In this case, we find that the assailed decision of the trial court substantially complied with the requirements of the Constitution. The decision contained a summary of the facts of the case as presented by the prosecution and by the defense. It likewise contained an explanation as to why it found appellant guilty as charged. Admittedly, the decision is brief but to our mind, it sufficiently informed appellant as regards the bases for his conviction. It readily informs appellant that the trial court disregarded his defense of bare denial in favor of the presumption of regularity in the performance of duties enjoyed by police officers.

WHEREFORE, premises considered, the Decision of the Court of Appeals in CA-G.R. CR-HC No. 01799 dated 31 July 2006, finding appellant Bernardo Tuazon y Nicolas guilty beyond reasonable doubt of violation of Section 16, Article III of Republic Act No. 6425, as amended, is AFFIRMED. No costs.

SO ORDERED.

Ynares-Santiago, Chairperson, Austria-Martinez, Nachura, Reyes, JJ., concur.


Footnotes

1 Penned by Associate Justice Jose C. Mendoza with Associate Justices Elvi John S. Asuncion and Arturo G. Tayag, concurring; rollo, pp. 3-12.

2 Penned by Presiding Judge Felix S. Caballes. Records, pp. 84-89.

3 Also known as "The Dangerous Drugs Act of 1972."

4 Records, p. 1.

5 Id. at 13.

6 In the Joint Affidavit of PO3 Glenon Bueno and PO1 Manuel Padlan as well as the picture of the Gemini car marked as Exhibits "B," "B-1," and "B-2," the plate number of the car was identified as PMZ 411; id.

7 Id.

8 Folder of Exhibits, p. 3.

9 Records, p. 89.

10 CA rollo, p. 22.

11 Id. at 88-104.

12 Id. at 105.

13 Rollo, p. 11.

14 Id. at 7.

15 Id. at 9.

16 Id.

17 Id. at 8.

18 CA rollo, p. 32.

19 Id. at 36-37.

20 Id.

21 Id. at 38-39.

22 Rollo, pp. 14-15.

23 Id. at 17-18.

24 People v. Baygar, 376 Phil. 466, 473 (1999).

25 People v. Matito, 468 Phil. 14, 24 (2004).

26 TSN, 14 February 2000, pp. 3-7.

27 People v. Huang Zhen Hua, G.R. No. 139301, 29 September 2004, 439 SCRA 350, 381, cited in People v. Torres, G.R. No. 170837, 12 September 2006, 501 SCRA 591, 609.

28 People v. Vargas, 327 Phil. 387, 397 (1996).

29 People v. Gonzales, 417 Phil. 342, 353 (2001).

30 People v. Hivela, 373 Phil. 600, 605 (1999).

31 People v. Gonzales, supra note 29 at 357.

32 G.R. No. 88017, 21 January 1991, 193 SCRA 122, 128-129.

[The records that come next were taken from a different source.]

lemma FK_ideal_cong: "FK_cong n f g \<Longrightarrow> g \<in> FK_ideal n \<Longrightarrow> f \<in> FK_ideal n"
  unfolding FK_cong_def using FK_ideal_add by fastforce

lemma flip_in_FK_ideal:
  assumes "(i, j) \<in> gens n"
  shows "monom [(i, j)] + monom [(j, i)] \<in> FK_ideal n"
proof -
  have "padd (monom [(i, j)]) (monom [(j, i)]) \<in> FK_relations n"
    unfolding FK_relations_def using assms by blast
  then show ?thesis by (auto dest: FK_ideal.rel simp: padd_def plus_fun_def)
qed

lemma commute_in_FK_ideal:
  assumes "i < n" "j < n" "k < n" "l < n" "distinct [i, j, k, l]"
  shows "monom [(i, j), (k, l)] - monom [(k, l), (i, j)] \<in> FK_ideal n"
proof -
  have "padd (monom [(i, j), (k, l)]) (psmult (-1) (monom [(k, l), (i, j)])) \<in> FK_ideal n"
    using assms by (intro FK_ideal.rel) (auto simp: FK_relations_def)
  then show ?thesis by (simp add: padd_def psmult_def fun_diff_def)
qed

lemma triangle_in_FK_ideal:
  assumes "i < n" "j < n" "k < n" "distinct [i, j, k]"
  shows "monom [(i, j), (j, k)] + monom [(j, k), (k, i)] + monom [(k, i), (i, j)] \<in> FK_ideal n"
proof -
  have "padd (padd (monom [(i, j), (j, k)]) (monom [(j, k), (k, i)])) (monom [(k, i), (i, j)])
      \<in> FK_relations n"
    unfolding FK_relations_def using assms by blast
  then show ?thesis by (auto dest: FK_ideal.rel simp: padd_def plus_fun_def)
qed

lemma FK_cong_flip:
  assumes "(i, j) \<in> gens n" "set P \<subseteq> gens n" "set Q \<subseteq> gens n"
  shows "FK_cong n (monom (P @ [(i, j)] @ Q)) (- monom (P @ [(j, i)] @ Q))"
  using FK_ideal_context[OF flip_in_FK_ideal[OF assms(1)] assms(2,3)]
  by (simp add: FK_cong_def lmul_add rmul_add monom_context)

lemma FK_cong_commute:
  assumes "i < n" "j < n" "k < n" "l < n" "distinct [i, j, k, l]"
    and "set P \<subseteq> gens n" "set Q \<subseteq> gens n"
  shows "FK_cong n (monom (P @ [(i, j), (k, l)] @ Q)) (monom (P @ [(k, l), (i, j)] @ Q))"
  using FK_ideal_context[OF commute_in_FK_ideal[OF assms(1-5)] assms(6,7)]
  by (simp add: FK_cong_def lmul_diff rmul_diff monom_context)

lemma FK_cong_triangle:
  assumes "i < n" "j < n" "k < n" "distinct [i, j, k]"
    and "set P \<subseteq> gens n" "set Q \<subseteq> gens n"
  shows "FK_cong n (monom (P @ [(i, j), (j, k)] @ Q))
     (- monom (P @ [(j, k), (k, i)] @ Q) - monom (P @ [(k, i), (i, j)] @ Q))"
  using FK_ideal_context[OF triangle_in_FK_ideal[OF assms(1-4)] assms(5,6)]
  by (simp add: FK_cong_def lmul_add rmul_add monom_context algebra_simps)

lemma FK_cong_commute_past:
  assumes "\<forall>y\<in>set A. distinct [fst y, snd y, fst b, snd b]" "b \<in> gens n"
    and "set P \<subseteq> gens n" "set A \<subseteq> gens n" "set Q \<subseteq> gens n"
  shows "FK_cong n (monom (P @ A @ [b] @ Q)) (monom (P @ [b] @ A @ Q))"
  using assms
proof (induction A arbitrary: P)
  case Nil
  then show ?case by (simp add: FK_cong_refl)
next
  case (Cons y A)
  have "FK_cong n (monom ((P @ [y]) @ A @ [b] @ Q)) (monom ((P @ [y]) @ [b] @ A @ Q))"
    using Cons by (intro Cons.IH) auto
  moreover have "FK_cong n (monom (P @ [y, b] @ A @ Q)) (monom (P @ [b, y] @ A @ Q))"
    using Cons FK_cong_commute[of "fst y" n "snd y" "fst b" "snd b" P "A @ Q"]
    by (auto simp: gens_def)
  ultimately show ?case by (auto intro: FK_cong_trans)
qed

lemma FK_cong_subdivide:
  assumes "p < n" "q < n" "r < n" "distinct [p, q, r]" "set A \<subseteq> gens n" "set B \<subseteq> gens n"
    and "\<forall>y\<in>set A. distinct [fst y, snd y, q, r]" "\<forall>y\<in>set B. distinct [fst y, snd y, p, q]"
  shows "FK_cong n (monom (A @ [(p, q), (q, r)] @ B))
     (monom ((q, r) # A @ (p, r) # B) + monom (A @ (p, r) # B @ [(p, q)]))"
proof -
  have g: "(p, q) \<in> gens n" "(q, r) \<in> gens n" "(r, p) \<in> gens n" "(p, r) \<in> gens n"
    using assms(1-4) by (auto simp: gens_def)
  have "FK_cong n (monom (A @ [(p, q), (q, r)] @ B))
      (- monom (A @ [(q, r), (r, p)] @ B) - monom (A @ [(r, p), (p, q)] @ B))"
    using assms by (intro FK_cong_triangle) auto
  also have "FK_cong n \<dots> (- (- monom (A @ [(q, r), (p, r)] @ B)) - (- monom (A @ [(p, r), (p, q)] @ B)))"
    using FK_cong_flip[of r p n "A @ [(q, r)]" B] FK_cong_flip[of r p n A "(p, q) # B"] g assms
    by (intro FK_cong_diff FK_cong_uminus) simp_all
  also have "FK_cong n \<dots> (monom ((q, r) # A @ (p, r) # B) + monom (A @ (p, r) # B @ [(p, q)]))"
    using FK_cong_commute_past[of A "(q, r)" n "[]" "(p, r) # B"]
      FK_cong_sym[OF FK_cong_commute_past[of B "(p, q)" n "A @ [(p, r)]" "[]"]] g assms
    by (simp add: FK_cong_add)
  finally show ?thesis .
qed

subsection \<open>Word reversal\<close>

definition rev_ncpoly :: "ncpoly \<Rightarrow> ncpoly" where
  "rev_ncpoly f = (\<lambda>v. f (rev v))"

lemma rev_ncpoly_rev_ncpoly [simp]: "rev_ncpoly (rev_ncpoly f) = f"
  by (simp add: rev_ncpoly_def)

lemma rev_ncpoly_monom: "rev_ncpoly (monom w) = monom (rev w)"
  by (auto simp: rev_ncpoly_def monom_def rev_swap)

lemma rev_ncpoly_padd: "rev_ncpoly (padd f g) = padd (rev_ncpoly f) (rev_ncpoly g)"
  by (simp add: rev_ncpoly_def padd_def)

lemma rev_ncpoly_psmult: "rev_ncpoly (psmult c f) = psmult c (rev_ncpoly f)"
  by (simp add: rev_ncpoly_def psmult_def)

lemma rev_ncpoly_lmul: "rev_ncpoly (lmul u f) = rmul (rev_ncpoly f) (rev u)"
proof
  fix v
  have "take (length u) (rev v) = u \<longleftrightarrow> length u \<le> length v \<and> drop (length v - length u) v = rev u"
  proof (cases "length u \<le> length v")
    case True
    then show ?thesis by (auto simp: take_rev rev_swap)
  next
    case False
    then show ?thesis by (auto dest: arg_cong[of _ _ length])
  qed
  then show "rev_ncpoly (lmul u f) v = rmul (rev_ncpoly f) (rev u) v"
    by (simp add: rev_ncpoly_def lmul_def rmul_def drop_rev)
qed

lemma rev_ncpoly_rmul: "rev_ncpoly (rmul f u) = lmul (rev u) (rev_ncpoly f)"
  using rev_ncpoly_lmul[of "rev u" "rev_ncpoly f"] by (metis rev_ncpoly_rev_ncpoly rev_rev_ident)

lemma FK_cong_flip_pair:
  assumes "(i, j) \<in> gens n" "(k, l) \<in> gens n"
  shows "FK_cong n (monom [(i, j), (k, l)]) (monom [(j, i), (l, k)])"
proof -
  have "FK_cong n (monom ([] @ [(i, j)] @ [(k, l)])) (- monom ([] @ [(j, i)] @ [(k, l)]))"
    using assms by (intro FK_cong_flip) auto
  also have "FK_cong n \<dots> (- (- monom ([(j, i)] @ [(l, k)] @ [])))"
    using FK_cong_flip[of k l n "[(j, i)]" "[]"] assms
    by (intro FK_cong_uminus) (simp add: gens_def)
  finally show ?thesis by simp
qed

text \<open>The reversed triangle relation for \<open>(i, j, k)\<close> is, up to two sign flips in
  each term, the triangle relation for \<open>(k, j, i)\<close>.\<close>
lemma rev_ncpoly_relation:
  assumes "r \<in> FK_relations n"
  shows "rev_ncpoly r \<in> FK_ideal n"
proof -
  from assms consider
      (flip) i j where "r = padd (monom [(i, j)]) (monom [(j, i)])"
    | (square) i j where "r = monom [(i, j), (i, j)]"
    | (commute) i j k l where
        "r = padd (monom [(i, j), (k, l)]) (psmult (- 1) (monom [(k, l), (i, j)]))"
    | (triangle) i j k where
        "r = padd (padd (monom [(i, j), (j, k)]) (monom [(j, k), (k, i)])) (monom [(k, i), (i, j)])"
        "i < n" "j < n" "k < n" "distinct [i, j, k]"
    unfolding FK_relations_def by blast
  then show ?thesis
  proof cases
    case flip
    then have "rev_ncpoly r = r" by (simp add: rev_ncpoly_padd rev_ncpoly_monom)
    then show ?thesis using assms by (simp add: FK_ideal.rel)
  next
    case square
    then have "rev_ncpoly r = r" by (simp add: rev_ncpoly_monom)
    then show ?thesis using assms by (simp add: FK_ideal.rel)
  next
    case commute
    then have "rev_ncpoly r = psmult (- 1) r"
      unfolding commute rev_ncpoly_padd rev_ncpoly_psmult rev_ncpoly_monom
      by (simp add: padd_def psmult_def)
    then show ?thesis using assms by (simp add: FK_ideal.rel FK_ideal.smult)
  next
    case triangle
    have g: "(i, j) \<in> gens n" "(j, k) \<in> gens n" "(k, i) \<in> gens n"
      using triangle by (auto simp: gens_def)
    have "rev_ncpoly r = monom [(j, k), (i, j)] + monom [(k, i), (j, k)] + monom [(i, j), (k, i)]"
      unfolding triangle(1) rev_ncpoly_padd rev_ncpoly_monom by (simp add: padd_def plus_fun_def)
    moreover have "FK_cong n (monom [(j, k), (i, j)] + monom [(k, i), (j, k)] + monom [(i, j), (k, i)])
        (monom [(k, j), (j, i)] + monom [(i, k), (k, j)] + monom [(j, i), (i, k)])"
      using g by (intro FK_cong_add FK_cong_flip_pair)
    moreover have "monom [(k, j), (j, i)] + monom [(i, k), (k, j)] + monom [(j, i), (i, k)] \<in> FK_ideal n"
      using triangle_in_FK_ideal[of k n j i] triangle by (simp add: ac_simps)
    ultimately show ?thesis by (simp add: FK_ideal_cong)
  qed
qed

lemma FK_ideal_rev_ncpoly: "f \<in> FK_ideal n \<Longrightarrow> rev_ncpoly f \<in> FK_ideal n"
proof (induction rule: FK_ideal.induct)
  case (rel r)
  then show ?case by (rule rev_ncpoly_relation)
next
  case zero
  then show ?case by (simp add: rev_ncpoly_def FK_ideal.zero)
next
  case (add f g)
  then show ?case by (simp add: rev_ncpoly_padd FK_ideal.add)
next
  case (smult f c)
  then show ?case by (simp add: rev_ncpoly_psmult FK_ideal.smult)
next
  case (lmul f u)
  then show ?case by (simp add: rev_ncpoly_lmul FK_ideal.rmul)
next
  case (rmul f u)
  then show ?case by (simp add: rev_ncpoly_rmul FK_ideal.lmul)
qed

subsection \<open>Cyclic sums along cycles\<close>

fun path_edges :: "nat list \<Rightarrow> gen list" where
  "path_edges (a # b # vs) = (a, b) # path_edges (b # vs)"
| "path_edges _ = []"

definition cycle_edges :: "nat list \<Rightarrow> gen list" where
  "cycle_edges vs = path_edges vs @ [(last vs, hd vs)]"

definition cyclic_sum :: "gen list \<Rightarrow> ncpoly" where
  "cyclic_sum es = (\<Sum>i<length es. monom (drop (Suc i) es @ take i es))"

lemma path_edges_snoc: "vs \<noteq> [] \<Longrightarrow> path_edges (vs @ [x]) = path_edges vs @ [(last vs, x)]"
  by (induction vs rule: path_edges.induct) auto

lemma length_path_edges: "length (path_edges vs) = length vs - 1"
  by (induction vs rule: path_edges.induct) auto

lemma path_edges_nth: "Suc j < length vs \<Longrightarrow> path_edges vs ! j = (vs ! j, vs ! Suc j)"
  by (induction vs arbitrary: j rule: path_edges.induct) (auto simp: nth_Cons' split: nat.splits)

lemma drop_path_edges: "drop k (path_edges vs) = path_edges (drop k vs)"
  by (induction vs arbitrary: k rule: path_edges.induct) (auto simp: drop_Cons' split: nat.splits)

lemma take_path_edges: "take k (path_edges vs) = path_edges (take (Suc k) vs)"
  by (induction vs arbitrary: k rule: path_edges.induct) (auto simp: take_Cons' split: nat.splits)

lemma mem_set_path_edges:
  "y \<in> set (path_edges vs) \<Longrightarrow> distinct vs \<Longrightarrow> fst y \<in> set vs \<and> snd y \<in> set vs \<and> fst y \<noteq> snd y"
  by (induction vs rule: path_edges.induct) auto

lemma set_path_edges_subset_gens:
  "distinct vs \<Longrightarrow> set vs \<subseteq> {..<n} \<Longrightarrow> set (path_edges vs) \<subseteq> gens n"
  using mem_set_path_edges unfolding gens_def by fastforce

lemma cyclic_sum_snoc: "cyclic_sum (F @ [c]) =
   (\<Sum>i<length F. monom (drop (Suc i) F @ [c] @ take i F)) + monom F"
  unfolding cyclic_sum_def by (simp add: sum.lessThan_Suc)

lemma cyclic_sum_snoc2: "cyclic_sum (F @ [a, b]) =
   (\<Sum>i<length F. monom (drop (Suc i) F @ [a, b] @ take i F)) + monom (b # F) + monom (F @ [a])"
  unfolding cyclic_sum_def by (simp add: sum.lessThan_Suc)

lemma cyclic_sum_subdivide:
  assumes "distinct (ws @ [x])" "set (ws @ [x]) \<subseteq> {..<n}" "2 \<le> length ws"
  shows "FK_cong n (cyclic_sum (cycle_edges (ws @ [x])))
     (lmul [(x, hd ws)] (cyclic_sum (cycle_edges ws)) + rmul (cyclic_sum (cycle_edges ws)) [(last ws, x)])"
proof -
  define F l h where "F = path_edges ws" and "l = last ws" and "h = hd ws"
  define W where "W i = drop (Suc i) F @ [(l, h)] @ take i F" for i
  have ws: "distinct ws" "x \<notin> set ws" "set ws \<subseteq> {..<n}" "x < n" "ws \<noteq> []"
    using assms by auto
  have lens: "length F = length ws - 1"
    by (simp add: F_def length_path_edges)
  obtain a t where "ws = a # t" "t \<noteq> []"
    using assms(3) by (cases ws) (auto simp: Suc_le_eq)
  then have "l \<noteq> h"
    using ws(1) unfolding l_def h_def by auto
  moreover have "l \<in> set ws" "h \<in> set ws"
    using ws(5) by (simp_all add: l_def h_def)
  ultimately have lxh: "l < n" "x < n" "h < n" "distinct [l, x, h]"
    using ws by auto
  have F_gens: "set (drop k F) \<subseteq> gens n" "set (take k F) \<subseteq> gens n" for k
    using set_path_edges_subset_gens[OF ws(1,3)] unfolding F_def
    by (meson order_trans set_drop_subset set_take_subset)+
  have after_i: "\<forall>y\<in>set (drop (Suc i) F). distinct [fst y, snd y, x, h]" for i
  proof
    fix y assume "y \<in> set (drop (Suc i) F)"
    then have "fst y \<in> set (drop (Suc i) ws)" "snd y \<in> set (drop (Suc i) ws)" "fst y \<noteq> snd y"
      using mem_set_path_edges[of y "drop (Suc i) ws"] ws by (simp_all add: F_def drop_path_edges)
    moreover have "h \<notin> set (drop (Suc i) ws)"
      using set_take_disj_set_drop_if_distinct[OF ws(1), of 1 "Suc i"] ws(5)
      by (auto simp: h_def hd_conv_nth take_Suc_conv_app_nth)
    ultimately show "distinct [fst y, snd y, x, h]"
      using ws lxh by (auto dest: in_set_dropD)
  qed
  have before_i: "\<forall>y\<in>set (take i F). distinct [fst y, snd y, l, x]" if "i < length F" for i
  proof
    fix y assume "y \<in> set (take i F)"
    then have "fst y \<in> set (take (Suc i) ws)" "snd y \<in> set (take (Suc i) ws)" "fst y \<noteq> snd y"
      using mem_set_path_edges[of y "take (Suc i) ws"] ws by (simp_all add: F_def take_path_edges)
    moreover have "l \<in> set (drop (Suc i) ws)"
      using that lens last_in_set[of "drop (Suc i) ws"] by (simp add: l_def)
    then have "l \<notin> set (take (Suc i) ws)"
      using set_take_disj_set_drop_if_distinct[OF ws(1), of "Suc i" "Suc i"] by auto
    ultimately show "distinct [fst y, snd y, l, x]"
      using ws lxh by (auto dest: in_set_takeD)
  qed
  have new: "cyclic_sum (cycle_edges (ws @ [x]))
      = (\<Sum>i<length F. monom (drop (Suc i) F @ [(l, x), (x, h)] @ take i F))
        + monom ((x, h) # F) + monom (F @ [(l, x)])"
    using ws by (simp add: cycle_edges_def path_edges_snoc F_def l_def h_def cyclic_sum_snoc2)
  have old: "lmul [(x, h)] (cyclic_sum (cycle_edges ws)) + rmul (cyclic_sum (cycle_edges ws)) [(l, x)]
      = (\<Sum>i<length F. monom ((x, h) # W i) + monom (W i @ [(l, x)]))
        + monom ((x, h) # F) + monom (F @ [(l, x)])"
    unfolding W_def by (simp add: cycle_edges_def F_def l_def h_def cyclic_sum_snoc
        lmul_add rmul_add lmul_sum rmul_sum lmul_monom rmul_monom sum.distrib ac_simps)
  have "FK_cong n (cyclic_sum (cycle_edges (ws @ [x])))
      (lmul [(x, h)] (cyclic_sum (cycle_edges ws)) + rmul (cyclic_sum (cycle_edges ws)) [(l, x)])"
    unfolding new old W_def
    using FK_cong_subdivide[of l n x h] lxh F_gens after_i before_i
    by (intro FK_cong_add FK_cong_sum FK_cong_refl) auto
  then show ?thesis by (simp only: l_def h_def)
qed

33 Caballes v. Court of Appeals, 424 Phil. 263, 279 (2002).

34 Id.

35 People v. Bagista, G.R. No. 86218, 18 September 1992, 214 SCRA 63, 69.

36 Id.

37 1987 Constitution, Article VIII, Section 14.

38 Yao v. Court of Appeals, 398 Phil. 86, 105 (2000).

39 Nicos Industrial Corporation v. Court of Appeals, G.R. No. 88709, 11 February 1992, 206 SCRA 127, 132.